Should the word "longrightarrow" occur in a line of the records, copy that line.

Collected data entries
╔══

(* Let $n\ge3$. Assume $f\in C_0^4(\mathbb{R}^n)$, $g\in C_0^3(\mathbb{R}^n)$, not both identically zero, both supported in $\{x\in\mathbb{R}^n:|x|\le k\}$ for some $k>1$. Let \[ V(x,t)=\frac{1}{\omega_n}\int_{|\omega|=1}\left(\frac{t\,\omega\cdot\nabla f}{n-2}+f+tg\right)(x+t\omega)\,dS_\omega . \] Then there exists a constant $C_{n,k}>0$ depending only on $n$ and $k$ such that \[ (t+|x|+2k)^{n-2}|\nabla_x^\alpha V(x,t)|\le C_{n,k}\left(\sum_{|\beta|\le|\alpha|+2}\|\nabla_x^\beta f\|_{L^\infty(\mathbb{R}^n)}+\sum_{|\gamma|\le|\alpha|+1}\|\nabla_x^\gamma g\|_{L^\infty(\mathbb{R}^n)}\right) \] for all multi-indices $|\alpha|\le2$ and all $(x,t)\in\mathbb{R}^n\times[0,\infty)$, and \[ \operatorname{supp}V\subset\{(x,t)\in\mathbb{R}^n\times[0,\infty):\ -k\le t-|x|\le k\}. \]
   Context: $\omega_n=2\pi^{n/2}/\Gamma(n/2)$ is the measure of the unit sphere in $\mathbb{R}^n$. *)

theory Defs
  imports "HOL-Analysis.Analysis"
begin

text \<open>Measure of the unit sphere in R^n: omega_n = 2 pi^(n/2) / Gamma(n/2).\<close>
definition omega :: "nat \<Rightarrow> real" where
  "omega n = 2 * pi powr (real n / 2) / Gamma (real n / 2)"

definition partial :: "'n::finite \<Rightarrow> (real^'n \<Rightarrow> real) \<Rightarrow> real^'n \<Rightarrow> real" where
  "partial i f x = deriv (\<lambda>s. f (x + s *\<^sub>R axis i 1)) 0"

definition has_partial :: "'n::finite \<Rightarrow> (real^'n \<Rightarrow> real) \<Rightarrow> real^'n \<Rightarrow> bool" where
  "has_partial i f x \<longleftrightarrow> (\<exists>D. ((\<lambda>s. f (x + s *\<^sub>R axis i 1)) has_real_derivative D) (at 0))"

text \<open>Iterated partial derivatives along a list of directions (innermost = last).\<close>
definition iter_partial :: "'n::finite list \<Rightarrow> (real^'n \<Rightarrow> real) \<Rightarrow> real^'n \<Rightarrow> real" where
  "iter_partial ds f = foldr partial ds f"

definition mi_order :: "('n::finite \<Rightarrow> nat) \<Rightarrow> nat" where
  "mi_order \<alpha> = (\<Sum>i\<in>UNIV. \<alpha> i)"

definition mderiv :: "('n::finite \<Rightarrow> nat) \<Rightarrow> (real^'n \<Rightarrow> real) \<Rightarrow> real^'n \<Rightarrow> real" where
  "mderiv \<alpha> f = iter_partial (SOME ds. \<forall>i. count_list ds i = \<alpha> i) f"

definition Ck :: "nat \<Rightarrow> (real^'n::finite \<Rightarrow> real) \<Rightarrow> bool" where
  "Ck m f \<longleftrightarrow> (\<forall>ds::'n list. length ds \<le> m \<longrightarrow>
       continuous_on UNIV (iter_partial ds f) \<and>
       (length ds < m \<longrightarrow> (\<forall>i x. has_partial i (iter_partial ds f) x)))"

definition tsupp :: "('a::topological_space \<Rightarrow> real) \<Rightarrow> 'a set" where
  "tsupp h = closure {x. h x \<noteq> 0}"

text \<open>L-infinity norm (for continuous functions: the supremum of |h|).\<close>
definition Linf :: "('a \<Rightarrow> real) \<Rightarrow> real" where
  "Linf h = (SUP x. \<bar>h x\<bar>)"

definition grad :: "(real^'n::finite \<Rightarrow> real) \<Rightarrow> real^'n \<Rightarrow> real^'n" where
  "grad f x = (\<chi> i. partial i f x)"

text \<open>Surface integral over the unit sphere S^(n-1) with its standard surface measure, via
  the polar-coordinates identity: int_S h dS = n * int_{|y|<1} h(y/|y|) dy.\<close>
definition sphere_integral :: "(real^'n::finite \<Rightarrow> real) \<Rightarrow> real" where
  "sphere_integral h = real CARD('n) * integral (ball 0 1) (\<lambda>y. h (y /\<^sub>R norm y))"

definition Vsol :: "(real^'n::finite \<Rightarrow> real) \<Rightarrow> (real^'n \<Rightarrow> real) \<Rightarrow> real^'n \<Rightarrow> real \<Rightarrow> real" where
  "Vsol f g x t = (1 / omega CARD('n)) * sphere_integral (\<lambda>w.
      t * (w \<bullet> grad f (x + t *\<^sub>R w)) / (real CARD('n) - 2)
      + f (x + t *\<^sub>R w) + t * g (x + t *\<^sub>R w))"

end

theory Submission
  imports Defs
begin

text \<open>Written in polar coordinates, the spherical mean defining \<open>V\<close> is an integral over the unit
  ball of \<open>y \<mapsto> F (x + t y/|y|)\<close>. Differentiating under the integral sign shows that
  \<open>\<nabla>\<^sup>\<alpha> V\<close> has the same form with \<open>f\<close>, \<open>g\<close> replaced by their derivatives (Schwarz's
  theorem makes \<open>mderiv\<close> independent of the order of differentiation). If \<open>|t - |x|| > k\<close>
  the sphere of radius \<open>t\<close> about \<open>x\<close> misses the support, so everything vanishes there.
  Otherwise the integrals are bounded by sup norms, and for \<open>t > k\<close> only a cap of directions
  of measure \<open>O((k/t)\<^sup>n\<^sup>-\<^sup>1)\<close> contributes; with the factor \<open>t\<close> in front this gives
  decay \<open>t\<^sup>2\<^sup>-\<^sup>n\<close>, which compensates the weight \<open>(t + |x| + 2k)\<^sup>n\<^sup>-\<^sup>2\<close> since
  \<open>|x| \<le> t + k\<close>.\<close>

definition vanishes_outside :: "real \<Rightarrow> ('a::real_normed_vector \<Rightarrow> real) \<Rightarrow> bool" where
  "vanishes_outside k F \<longleftrightarrow> (\<forall>z. k < norm z \<longrightarrow> F z = 0)"

lemma tsupp_subset_cball_imp_vanishes_outside:
  fixes F :: "'a::real_normed_vector \<Rightarrow> real"
  assumes "tsupp F \<subseteq> cball 0 k"
  shows "vanishes_outside k F"
  unfolding vanishes_outside_def
proof (intro allI impI)
  fix z :: 'a assume "k < norm z"
  then have "z \<notin> tsupp F" using assms by (auto simp: subset_iff)
  then show "F z = 0"
    using closure_subset[of "{x. F x \<noteq> 0}"] unfolding tsupp_def by auto
qed

lemma has_real_derivative_partial_along:
  assumes "\<And>z. has_partial i F z"
  shows "((\<lambda>r. F (z + r *\<^sub>R axis i 1)) has_real_derivative partial i F (z + r *\<^sub>R axis i 1)) (at r)"
proof -
  from assms obtain D where D: "((\<lambda>s. F ((z + r *\<^sub>R axis i 1) + s *\<^sub>R axis i 1)) has_real_derivative D) (at 0)"
    unfolding has_partial_def by blast
  have "partial i F (z + r *\<^sub>R axis i 1) = D"
    unfolding partial_def using DERIV_imp_deriv[OF D] .
  moreover have "(\<lambda>s. F ((z + r *\<^sub>R axis i 1) + s *\<^sub>R axis i 1)) = (\<lambda>s. F (z + (s + r) *\<^sub>R axis i 1))"
    by (simp add: algebra_simps)
  ultimately show ?thesis
    using D DERIV_shift[of "\<lambda>r. F (z + r *\<^sub>R axis i 1)" D 0 r] by simp
qed
lemma op_poly_H_w_plus_\<Omega>_minus_range:
  "range (\<lambda>g. op_poly sc g H w) + \<Omega>_minus_range z = UNIV"
proof -
  let ?P = "range (\<lambda>g. op_poly sc g H w)" and ?U = "\<Omega>_minus_range z"
  have P_sub: "?P \<subseteq> ?P + ?U"
    using set_zero_plus2[OF subspace_0[OF subspace_\<Omega>_minus_range], of ?P] by (simp add: add.commute)
  have "E (op_poly sc g H w) \<in> ?P" for g
    using rangeI[of "\<lambda>g. op_poly sc g H w" "smult c (pcompose g [:-1, 1:])"]
    by (simp add: E_op_poly_H_w op_poly_smult)
  moreover have "H (op_poly sc g H w) \<in> ?P" for g
    using rangeI[of "\<lambda>g. op_poly sc g H w" "pCons 0 g"] by (simp add: op_poly_pCons[OF linear_H])
  ultimately have "submodule sc E F H (?P + ?U)"
    using P_sub F_op_poly_H_w_mod_\<Omega>_minus_range
    by (intro submodule_set_plus subspace_range_op_poly submodule_\<Omega>_minus_range) blast+
  moreover have "w \<in> ?P + ?U"
    using P_sub rangeI[of "\<lambda>g. op_poly sc g H w" 1] by auto
  ultimately show ?thesis
    using submodule_eq_UNIV_if_w by simp
qed
(* Let $X\subset U\subset\mathbb{R}^n$, where $U$ is open and $X$ is closed in $U$. Let $f:X\to\mathbb{R}$, let $p\in\mathbb{N}$, and suppose there is a $\mathcal{C}^p$ Whitney field $F=(F^\alpha)_{|\alpha|\le p}$ on $X$ with $F^0=f$. Then for each $i\in\mathbb{N}$, $\rho^i(\Phi_0)$ is the graph of a function $\rho^i(E_0)\to\mathbb{R}$ (i.e. for each $a\in X$ and $\xi\in\rho^i(E_0)_a$ there is exactly one $\lambda$ with $(a,\xi,\lambda)\in\rho^i(\Phi_0)$), and if $a\in X$ and $\xi\in\rho^i(E_0)_a$, then the value of this function at $\xi$ equals $\xi(T^p_aF)=\xi(F,a)$.
   Context: $\mathcal{P}_p$: real polynomials on $\mathbb{R}^n$ of degree $\le p$; $\mathcal{P}_p^*$ its dual. For $\xi\in\mathcal{P}_p^*$, $b\in\mathbb{R}^n$, $|\alpha|\le p$: $\xi_\alpha(b):=\xi(\tfrac1{\alpha!}(x-b)^\alpha)$; $\delta_a(P)=P(a)$. A bundle over $X$ with fibres in $W$ is a subset of $X\times W$ whose fibres are linear subspaces. For a bundle $E\subset X\times\mathcal{P}_p^*$: $\Delta E=\{(a,b,\xi+\eta):a,b\in X,\xi\in E_a,\eta\in E_b,|a-b|^{p-|\alpha|}|\eta_\alpha(b)|\le1\ \forall|\alpha|\le p\}$, $E'=\{(a,\xi):(a,a,\xi)\in\overline{\Delta E}\}$ (closure in $X\times X\times\mathcal{P}_p^*$), $\rho(E)=\{(a,\xi):\xi\in\operatorname{Span}E'_a\}$. For a bundle $\Phi\subset X\times(\mathcal{P}_p^*\times\mathbb{R})$: $\Delta\Phi=\{(a,b,\xi+\eta,\lambda+\mu):a,b\in X,(\xi,\lambda)\in\Phi_a,(\eta,\mu)\in\Phi_b,|a-b|^{p-|\alpha|}|\eta_\alpha(b)|\le1\ \forall|\alpha|\le p\}$, $\Phi'=\{(a,\xi,\lambda):(a,a,\xi,\lambda)\in\overline{\Delta\Phi}\}$, $\rho(\Phi)=\{(a,v):v\in\operatorname{Span}\Phi'_a\}$. $E_0=\{(a,\lambda\delta_a):a\in X,\lambda\in\mathbb{R}\}$, $\Phi_0=\{(a,\lambda\delta_a,\lambda f(a)):a\in X,\lambda\in\mathbb{R}\}$. For $F=(F^\alpha)_{|\alpha|\le p}$, $F^\alpha:X\to\mathbb{R}$: $T^p_aF(x)=\sum_{|\alpha|\le p}\frac1{\alpha!}F^\alpha(a)(x-a)^\alpha$, $\xi(F,a)=\xi(T^p_aF)$, and $\delta_\alpha(a,b)=\big(F^\alpha(b)-\sum_{|\beta|\le p-|\alpha|}\frac1{\beta!}F^{\alpha+\beta}(a)(b-a)^\beta\big)/|b-a|^{p-|\alpha|}$; $F$ is a $\mathcal{C}^p$ Whitney field if for every $c\in X$, $|\alpha|\le p$, $\delta_\alpha(a,b)\to0$ as $a,b\to c$ in $X$, $a\ne b$. *)

theory Defs
  imports "HOL-Analysis.Analysis"
begin

text \<open>A polynomial of degree <= p is represented by its coefficient function
  (coefficient of the monomial x^alpha), and an element xi of the dual space
  P_p^* is represented by its values on the monomials, xi alpha = xi(x^alpha),
  with xi alpha = 0 whenever |alpha| > p.  Then xi(P) = sum of c alpha * xi alpha.\<close>

type_synonym 'n mindex = "'n \<Rightarrow> nat"
type_synonym 'n dualp = "'n mindex \<Rightarrow> real"

definition mdeg :: "'n::finite mindex \<Rightarrow> nat" where
  "mdeg \<alpha> = (\<Sum>i\<in>UNIV. \<alpha> i)"

definition Mon :: "nat \<Rightarrow> 'n::finite mindex set" where
  "Mon p = {\<alpha>. mdeg \<alpha> \<le> p}"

╚══

#### ANSWER FOR THIS EXERCISE:
  "Ck m f \<longleftrightarrow> (\<forall>ds::'n list. length ds \<le> m \<longrightarrow>
       (length ds < m \<longrightarrow> (\<forall>i x. has_partial i (iter_partial ds f) x)))"
  "vanishes_outside k F \<longleftrightarrow> (\<forall>z. k < norm z \<longrightarrow> F z = 0)"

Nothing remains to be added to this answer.